lemma card_nbhd_split: "a \<in> A \<Longrightarrow> card (nbhd G a) = 1 + card (nbhd G a \<inter> A) + card (outer a)"
proof -
  assume a: "a \<in> A"
  define S where "S = (nbhd G a \<inter> A) \<union> outer a"
  have "nbhd G a = insert c S" using c_in_nbhd[OF a] unfolding S_def outer_def X_def by blast
  moreover have "c \<notin> S" using c_notin_A unfolding S_def outer_def X_def by blast
  moreover have "finite S" using finite_A finite_outer unfolding S_def by blast
  ultimately have "card (nbhd G a) = 1 + card S" by simp
  moreover have "(nbhd G a \<inter> A) \<inter> outer a = {}" unfolding outer_def X_def by blast
  ultimately show ?thesis using finite_A finite_outer unfolding S_def by (simp add: card_Un_disjoint)
qed

lemma card_nbhd_plus_nonadj: "a \<in> A \<Longrightarrow> card (nbhd G a) + card (nonadj a) = d + card (outer a)"
proof -
  assume a: "a \<in> A"
  hence "d \<noteq> 0" using finite_A card_A by (auto simp: card_gt_0_iff)
  thus ?thesis using card_nbhd_split[OF a] card_inner_plus_nonadj[OF a] by simp
qed


text \<open>Witness: the triangle \<open>x\<^sub>1 x\<^sub>2 w\<close> next to the star from \<open>c\<close> to \<open>A - {x\<^sub>1, x\<^sub>2}\<close>.\<close>
lemma common_outer_imp_less:
  assumes x: "x1 \<in> A" "x2 \<in> A" "x1 \<noteq> x2" "x2 \<in> nbhd G x1"
    and w: "w \<in> outer x1" "w \<in> outer x2"
  shows "d < s"
proof -
  have "triangle_edges x1 x2 w \<subseteq> G"
    using x(4) w unfolding triangle_edges_def outer_def nbhd_def by (auto simp: insert_commute)
  moreover have "\<Union>(triangle_edges x1 x2 w) \<inter> \<Union>(star_edges c (A - {x1, x2})) = {}"
    using Union_star_edges_subset[of c] w x c_notin_A unfolding Union_triangle outer_def X_def by blast
  ultimately have "card (triangle_edges x1 x2 w) + card (star_edges c (A - {x1, x2})) \<le> s"
    by (intro disjoint_le_s star_c_subset P3_free_triangle P3_free_star_edges) auto
  moreover have "card (triangle_edges x1 x2 w) = 3"
    using x w by (intro card_triangle) (auto simp: outer_def X_def)
  moreover have "card (star_edges c (A - {x1, x2})) = d - 2"
    using card_star_c card_A_minus_two x by (metis Diff_subset)
  ultimately show ?thesis using two_le_d[OF x(1-3)] by simp
qed
lemma norm_Ad_sub_le:
  assumes "contraction_generator X"
  shows "norm (Ad X s Y - Y) \<le> \<bar>s\<bar> * norm (commutator X Y)"
proof -
  \<comment> \<open>As \<open>Ad (- X) (- s) = Ad X s\<close>, it suffices to treat \<open>s \<ge> 0\<close>; the same reduction is used below.\<close>
  have nonneg: "norm (Ad X s Y - Y) \<le> s * norm (commutator X Y)"
    if "contraction_generator X" "0 \<le> s" for X s
  proof -
    have "norm (Ad X s Y - Ad X 0 Y) \<le> s * norm (commutator X Y) - 0 * norm (commutator X Y)"
      by (rule norm_diff_le_of_derivative_bound[OF \<open>0 \<le> s\<close>])
        (auto intro!: Ad_has_vector_derivative derivative_eq_intros norm_Ad_le that)
    then show ?thesis by simp
  qed
  show ?thesis
  proof (cases "0 \<le> s")
    case False
    then show ?thesis
      using nonneg[of "- X" "- s"] contraction_generator_uminus[OF assms]
      by (simp add: Ad_uminus_generator commutator_uminus_left)
  qed (use nonneg assms in auto)
qed

lemma norm_Ad_sub_commutator_le:
  assumes "contraction_generator X"
  shows "norm (Ad X s Y - Y - s *\<^sub>R commutator X Y) \<le> s\<^sup>2 / 2 * norm (commutator X (commutator X Y))"
proof -
  have nonneg: "norm (Ad X s Y - Y - s *\<^sub>R commutator X Y) \<le> s\<^sup>2 / 2 * norm (commutator X (commutator X Y))"
    if "contraction_generator X" "0 \<le> s" for X s
  proof -
    let ?C = "commutator X Y"
    have "norm ((Ad X s Y - s *\<^sub>R ?C) - (Ad X 0 Y - 0 *\<^sub>R ?C))
        \<le> s\<^sup>2 / 2 * norm (commutator X ?C) - 0\<^sup>2 / 2 * norm (commutator X ?C)"
    proof (rule norm_diff_le_of_derivative_bound[OF \<open>0 \<le> s\<close>])
      fix t assume "t \<in> {0..s}"
      then show "norm (Ad X t ?C - ?C) \<le> t * norm (commutator X ?C)"
        using norm_Ad_sub_le[OF that(1), of t ?C] by simp
    qed (auto intro!: Ad_has_vector_derivative derivative_eq_intros)
    then show ?thesis by (simp add: algebra_simps)
  qed
  show ?thesis
  proof (cases "0 \<le> s")
    case False
    then show ?thesis
      using nonneg[of "- X" "- s"] contraction_generator_uminus[OF assms]
      by (simp add: Ad_uminus_generator commutator_uminus_left commutator_uminus_right)
  qed (use nonneg assms in auto)
qed
(* Let $n\ge2$, $R>0$, and $B_R\subset\mathbb{R}^n$ a ball of radius $R$. Then $$\lim_{m\to\infty}m\,\lambda_m(B_R)=\frac{P^2(B_R)}{|B_R|}.$$
   Context: For a bounded smooth domain $\Omega$ and $m>0$, $\lambda_m(\Omega)=\inf\{(\int_\Omega|\nabla u|^2dx+\frac1m(\int_{\partial\Omega}|u|\,d\sigma)^2)/\int_\Omega u^2dx:u\in H^1(\Omega),u\ne0\}$. $P(B_R)$ and $|B_R|$ are the perimeter and volume of $B_R$. *)

theory Defs
  imports "HOL-Analysis.Analysis"
begin

definition pd :: "'n::finite \<Rightarrow> (real^'n \<Rightarrow> real) \<Rightarrow> real^'n \<Rightarrow> real" where
  "pd i f x = frechet_derivative f (at x) (axis i 1)"

coinductive smooth_on :: "(real^'n::finite \<Rightarrow> real) \<Rightarrow> (real^'n) set \<Rightarrow> bool" where
  "open S \<Longrightarrow> f differentiable_on S \<Longrightarrow> (\<forall>i. smooth_on (pd i f) S) \<Longrightarrow> smooth_on f S"

text \<open>Test functions C_c^infinity(Omega) (extended by zero to all of the space).\<close>
definition test_fun :: "(real^'n::finite) set \<Rightarrow> (real^'n \<Rightarrow> real) \<Rightarrow> bool" where
  "test_fun \<Omega> \<phi> \<longleftrightarrow> smooth_on \<phi> UNIV \<and> compact (closure {x. \<phi> x \<noteq> 0})
      \<and> closure {x. \<phi> x \<noteq> 0} \<subseteq> \<Omega>"

definition L2_on :: "(real^'n::finite) set \<Rightarrow> (real^'n \<Rightarrow> real) \<Rightarrow> bool" where
  "L2_on \<Omega> u \<longleftrightarrow> u \<in> borel_measurable (lebesgue_on \<Omega>)
      \<and> integrable (lebesgue_on \<Omega>) (\<lambda>x. (u x)^2)"

definition H1_grad :: "(real^'n::finite) set \<Rightarrow> (real^'n \<Rightarrow> real) \<Rightarrow> ('n \<Rightarrow> real^'n \<Rightarrow> real) \<Rightarrow> bool" where
  "H1_grad \<Omega> u g \<longleftrightarrow> L2_on \<Omega> u \<and> (\<forall>i. L2_on \<Omega> (g i)) \<and>
     (\<forall>\<phi> i. test_fun \<Omega> \<phi> \<longrightarrow>
        (\<integral>x. u x * pd i \<phi> x \<partial>lebesgue_on \<Omega>) = - (\<integral>x. g i x * \<phi> x \<partial>lebesgue_on \<Omega>))"

text \<open>Surface integral over the sphere of centre c and radius R, with respect to the
  (n-1)-dimensional surface measure, via radial projection of the ball onto its boundary:
  \<open>\<integral>_{\<partial>B_R(c)} f d\<sigma> = (n/R) \<integral>_{B_R(c)} f(c + R (x-c)/|x-c|) dx\<close>.\<close>
definition sphere_int :: "real^'n::finite \<Rightarrow> real \<Rightarrow> (real^'n \<Rightarrow> real) \<Rightarrow> real" where
  "sphere_int c R f = (real CARD('n) / R) *
     (\<integral>x. f (c + (R / norm (x - c)) *\<^sub>R (x - c)) \<partial>lebesgue_on (ball c R))"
--------
What you will do —
Find and copy every line in the entries above where the string "thesis" occurs.

Completed task —
  ultimately show ?thesis using finite_A finite_outer unfolding S_def by (simp add: card_Un_disjoint)
  thus ?thesis using card_nbhd_split[OF a] card_inner_plus_nonadj[OF a] by simp
  ultimately show ?thesis using two_le_d[OF x(1-3)] by simp
    then show ?thesis by simp
  show ?thesis
    then show ?thesis
    then show ?thesis by (simp add: algebra_simps)
  show ?thesis
    then show ?thesis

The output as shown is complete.